Who would expect this path for a high school student who was more concerned with waterskiing than schoolwork and whose family rarely attended church?

But regardless of Glassford’s teenage vision of his future, the roads that led him to CTS were faithful and fruitful. During his teen years, they led him from interacting with Youth for Christ into a life with Christ. Later, they led from junior college to “get out of the house” into seminary and graduate school. They led to diverse opportunities to practice and teach principles of youth ministry, both in the United States and in Kenya. And, most recently, they led to Grand Rapids, Mich.

Before joining the faculty of CTS, Glassford taught Bible and Youth Ministry at Montreat College, a small four-year Christian liberal arts college in Asheville, N.C., where he also served as assistant academic dean and the chair of his department.

After more than a decade at Montreat, Glassford began teaching a summer “Youth and Culture” class at CTS. During his third summer he was asked to consider joining the seminary faculty. The possibility intrigued him.

“I’m not one to close doors too early,” he says. He and his wife, Janet, decided to “go down the path” and see where it would lead. Little by little, it led them toward CTS, and in the summer of 2005 they moved their family to Grand Rapids, Mich.
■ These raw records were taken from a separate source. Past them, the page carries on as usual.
(* For every $\varepsilon>0$ the series $$\sum_{\boldsymbol{\mathcal E}\in\operatorname{Div}_{\mathrm{eff}}(\mathscr C)^7}|\mu_S(\boldsymbol{\mathcal E})|\,q^{-(\frac12+\varepsilon)\left[\deg\mathcal E_0+\sum_{i=1}^3\deg\mathcal E_i+\sum_{i=1}^3\deg\mathcal F_i\right]}$$ converges.
   Context: $k$ is a finite field with $q$ elements, $\mathscr C$ a smooth projective geometrically integral curve over $k$, $\operatorname{Div}_{\mathrm{eff}}(\mathscr C)$ its monoid of effective divisors. Elements of $\operatorname{Div}_{\mathrm{eff}}(\mathscr C)^7$ are written $\boldsymbol{\mathcal E}=(\mathcal E_0,\mathcal E_1,\mathcal E_2,\mathcal E_3,\mathcal F_1,\mathcal F_2,\mathcal F_3)$. Let $\operatorname{Div}_{S,\mathrm{prim}}$ be the set of $\boldsymbol{\mathcal E}$ such that the gcd (at each closed point, the minimum of multiplicities) of the seven effective divisors $\sum_{j\neq i}\mathcal E_j+\sum_{j=1}^3\mathcal F_j$ ($i=1,2,3$), $\mathcal E_0+\sum_{j\neq i}(\mathcal E_j+\mathcal F_j)$ ($i=1,2,3$) and $\mathcal E_0+\sum_{j=1}^3\mathcal E_j$ is $0$ (indices $j$ in $\{1,2,3\}$). $\mu_S:\operatorname{Div}_{\mathrm{eff}}(\mathscr C)^7\to\mathbf C$ is the unique function with $\mathbf 1_{\operatorname{Div}_{S,\mathrm{prim}}}(\boldsymbol{\mathcal D})=\sum_{0\leq\boldsymbol{\mathcal E}\leq\boldsymbol{\mathcal D}}\mu_S(\boldsymbol{\mathcal E})$ for all $\boldsymbol{\mathcal D}$ (componentwise inequalities). *)

theory Defs
  imports "HOL-Analysis.Analysis" "HOL-Computational_Algebra.Primes"
begin
theorem proposition11:
  "\<exists>C :: real. \<forall>\<alpha> \<beta> \<tau> :: real. \<forall>u v :: real \<Rightarrow> real.
     \<alpha> > 0 \<longrightarrow> \<beta> > 0 \<longrightarrow> \<tau> > 0 \<longrightarrow>
     in_H_half u \<longrightarrow> continuous_on UNIV u \<longrightarrow> piecewise_affine \<tau> u \<longrightarrow>
     upwinded_interpolant \<alpha> \<beta> \<tau> u v \<longrightarrow>
     weak_seminorm v \<le> ennreal (C * slob_seminorm u)"
proof (intro exI[of _ 15] allI impI)
  fix \<alpha> \<beta> \<tau> :: real and u v :: "real \<Rightarrow> real"
  assume "\<alpha> > 0" "\<beta> > 0" "\<tau> > 0" "in_H_half u" "continuous_on UNIV u" "piecewise_affine \<tau> u"
    "upwinded_interpolant \<alpha> \<beta> \<tau> u v"
  then interpret upwind_interpolation \<alpha> \<beta> \<tau> u v
    by unfold_locales
  show "weak_seminorm v \<le> ennreal (15 * slob_seminorm u)"
    using \<open>in_H_half u\<close> shift_diff_sq_v_le_slob_sq
    by (intro weak_seminorm_le_slob_seminorm) (simp_all add: in_H_half_def)
qed

end
(* Let $m\le k\le n$ be positive integers and $\mathbf a_1,\dots,\mathbf a_n\in\mathbb R^m$, and let $w^*=\max\{[\det(\sum_{i\in S}\mathbf a_i\mathbf a_i^\top)]^{1/m}: S\subseteq[n],|S|=k\}$. Let $(\hat{\mathbf x},\hat w)$ be an optimal solution of the convex relaxation $$\max_{\mathbf x,w}\Big\{w:\ w\le \Big[\det\Big(\sum_{i\in[n]}x_i\mathbf a_i\mathbf a_i^\top\Big)\Big]^{1/m},\ \sum_{i\in[n]}x_i=k,\ \mathbf x\in[0,1]^n\Big\},$$ and let $\mathcal S$ be the random size-$k$ subset of $[n]$ (the output of the sampling algorithm) with $$\Pr[\mathcal S=S]=\frac{\prod_{j\in S}\hat x_j}{\sum_{\bar S\subseteq[n],|\bar S|=k}\prod_{i\in\bar S}\hat x_i}\quad\text{for every } S\subseteq[n],\ |S|=k.$$ Then this algorithm is a $\frac1e$-approximation, i.e. $$\Big\{\mathbb E\Big[\det\Big(\sum_{i\in\mathcal S}\mathbf a_i\mathbf a_i^\top\Big)\Big]\Big\}^{1/m}\ge \frac1e\,w^*.$$
   Context: $[n]=\{1,\dots,n\}$. This is the $D$-optimal design problem without repetitions: choose $k$ of the $n$ distinct vectors to maximize the $m$-th root of the determinant of the sum of their outer products; $w^*$ is its optimal value. *)

theory Defs
  imports "HOL-Analysis.Analysis"
begin

definition outer :: "real ^ 'm \<Rightarrow> real ^ 'm ^ 'm" where
  "outer v = (\<chi> r c. v $ r * v $ c)"

definition info_mat :: "nat \<Rightarrow> (nat \<Rightarrow> real ^ 'm) \<Rightarrow> (nat \<Rightarrow> real) \<Rightarrow> real ^ 'm ^ 'm" where
  "info_mat n a x = (\<Sum>i\<in>{1..n}. x i *\<^sub>R outer (a i))"

definition subset_mat :: "(nat \<Rightarrow> real ^ 'm) \<Rightarrow> nat set \<Rightarrow> real ^ 'm ^ 'm" where
  "subset_mat a S = (\<Sum>i\<in>S. outer (a i))"

definition ksubsets :: "nat \<Rightarrow> nat \<Rightarrow> nat set set" where
  "ksubsets n k = {S. S \<subseteq> {1..n} \<and> card S = k}"

definition w_star :: "nat \<Rightarrow> nat \<Rightarrow> (nat \<Rightarrow> real ^ 'm) \<Rightarrow> real" where
  "w_star n k a = Max ((\<lambda>S. root CARD('m) (det (subset_mat a S))) ` ksubsets n k)"

definition relax_feasible :: "nat \<Rightarrow> nat \<Rightarrow> (nat \<Rightarrow> real ^ 'm) \<Rightarrow> (nat \<Rightarrow> real) \<Rightarrow> real \<Rightarrow> bool" where
  "relax_feasible n k a x w \<longleftrightarrow>
     w \<le> root CARD('m) (det (info_mat n a x)) \<and>
     (\<Sum>i\<in>{1..n}. x i) = real k \<and>
     (\<forall>i\<in>{1..n}. 0 \<le> x i \<and> x i \<le> 1)"

definition relax_optimal :: "nat \<Rightarrow> nat \<Rightarrow> (nat \<Rightarrow> real ^ 'm) \<Rightarrow> (nat \<Rightarrow> real) \<Rightarrow> real \<Rightarrow> bool" where
  "relax_optimal n k a x w \<longleftrightarrow> relax_feasible n k a x w \<and>
     (\<forall>x' w'. relax_feasible n k a x' w' \<longrightarrow> w' \<le> w)"

definition sample_prob :: "nat \<Rightarrow> nat \<Rightarrow> (nat \<Rightarrow> real) \<Rightarrow> nat set \<Rightarrow> real" where
  "sample_prob n k x S = (\<Prod>j\<in>S. x j) / (\<Sum>T\<in>ksubsets n k. \<Prod>i\<in>T. x i)"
Glassford says that churches have a covenantal responsibility to embrace youth into the broader life of the congregation—something that is a struggle for many churches. And he believes that a critical component of youth ministry is ministering to the people most directly involved in students’ lives: their parents.

“Most adults are as inarticulate about their faith as high school students,” Glassford says, “so the conversations that should be taking place at home aren’t.”

Of course, the presence of other adults in the lives of young teens is also important. “A lot of middle school kids don’t have adult advocates. Nowhere else do they get this but in the church,” Glassford says.

One day, perhaps, other teens will look back on their lives and reflect that, like Glassford, their first real introduction to Christ came through someone who met them along the long, winding road of adolescence. And, in retrospect, it will all make sense.